Direct Comparisons: CPU vs. GPU vs. NPU side-by-side.
Optimized Pipelines: Automated conversion of PyTorch/ONNX models to NPU-friendly OpenVINO IR formats.
Visual Analytics: Interactive web dashboards and professional HTML reports.

✨ Key Features

🚀 Multi-Device Support: Seamlessly benchmark across CPU, Intel Arc/Integrated GPU, and Intel AI Boost NPU.
📊 Interactive Dashboard: A stunning, glassmorphic web UI to run tests and visualize real-time performance.
📑 Professional Reports: Generate detailed HTML reports with hardware specs and speedup metrics.
🔄 Model Zoo: Curated collection of industry-standard models (ResNet, YOLO, BERT) pre-configured for NPU.
🧠 Advanced Optimization:
- INT8 Quantization: Compress models for faster NPU inference with negligible accuracy loss.
- Static Shape Enforcement: Automatically handles NPU-specific input requirements.
- Batch Sweeps: Find the optimal batch size for maximum throughput.
🐍 Python API & CLI: Flexible usage for both researchers (Python) and quick testers (CLI).

📊 Demo Results

Real benchmark results from Intel Core Ultra 7 255H with Intel AI Boost NPU:

Model	CPU (ms)	NPU (ms)	Speedup
ResNet-50	73.1	8.5	8.6x
EfficientNet-B0	17.8	3.5	5.1x
MobileNetV3-Small	3.6	1.2	3.0x

Key Metrics:

🏆 8.9x Maximum NPU Speedup
📊 5.3x Average NPU Speedup
⚡ 1.1ms Fastest NPU Latency

🌐 View Live Demo Results →

🤖 Supported Models (Model Zoo)

The suite includes a diverse set of state-of-the-art models covering major AI domains:

👁️ Computer Vision (Classification)

Model	Description	Use Case
ResNet-50	Deep residual network with 50 layers.	Image classification standard benchmark.
MobileNetV3	Optimized for mobile/edge devices.	Low-latency mobile apps.
EfficientNet-B0	Balanced accuracy and efficiency.	General purpose vision tasks.

🎯 Object Detection

Model	Description	Use Case
YOLOv8 (Nano/Small)	"You Only Look Once" - Real-time object detection.	Security, autonomous systems, robotics.
YOLOv11	Latest iteration of YOLO architecture.	Cutting-edge detection performance.

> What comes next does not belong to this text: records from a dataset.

lemma monomial_congruence:
  assumes V: "finite V" "V \<subseteq> S" "V \<inter> {r. pconst r \<in> Q} = {}"
    and m: "Poly_Mapping.keys m \<subseteq> S" "Poly_Mapping.keys m - {r. pconst r \<in> Q} \<subseteq> V"
      "\<forall>s\<in>V. Poly_Mapping.lookup m s \<le> N"
  shows "pconst (\<Prod>s\<in>V. s ^ N) * Poly_Mapping.single m c - pconst (c * cleared_monomial V N m) \<in> Q"
proof (cases "Poly_Mapping.keys m \<subseteq> V")
  case True
  let ?k = "Poly_Mapping.lookup m"
  have "(\<Prod>s\<in>Poly_Mapping.keys m. pvar s ^ ?k s) = (\<Prod>s\<in>V. pvar s ^ ?k s)"
    using True V(1) by (intro prod.mono_neutral_left) (auto simp: not_in_keys_iff_lookup_eq_zero)
  then have "pconst (\<Prod>s\<in>V. s ^ N) * (\<Prod>s\<in>Poly_Mapping.keys m. pvar s ^ ?k s)
      - pconst (cleared_monomial V N m) \<in> Q"
    using pvars_congruence[OF V m(3)] True by (simp add: cleared_monomial_def)
  then have "pconst c * (pconst (\<Prod>s\<in>V. s ^ N) * (\<Prod>s\<in>Poly_Mapping.keys m. pvar s ^ ?k s)
      - pconst (cleared_monomial V N m)) \<in> Q"
    by (rule ideal_on_lmult[OF ideal pconst_poly_carrier])
  then show ?thesis
    by (simp add: single_eq_pconst_mult_pvars[of m c] pconst_mult algebra_simps)
next
  case False
  then obtain s where "s \<in> Poly_Mapping.keys m" "s \<notin> V" by blast
  then have "Poly_Mapping.single m c \<in> Q" using m monomial_mem by blast
  then show ?thesis
    using False ideal_on_lmult[OF ideal] by (simp add: cleared_monomial_def)
qed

📝 Natural Language Processing (NLP)

Model	Description	Use Case
BERT Base	Bidirectional Encoder Representations from Transformers.	Text classification, QA, sentiment analysis.
DistilBERT	Smaller, faster version of BERT.	Efficient text processing.
ViT (Vision Transformer)	Transformer architecture applied to images.	Advanced image recognition.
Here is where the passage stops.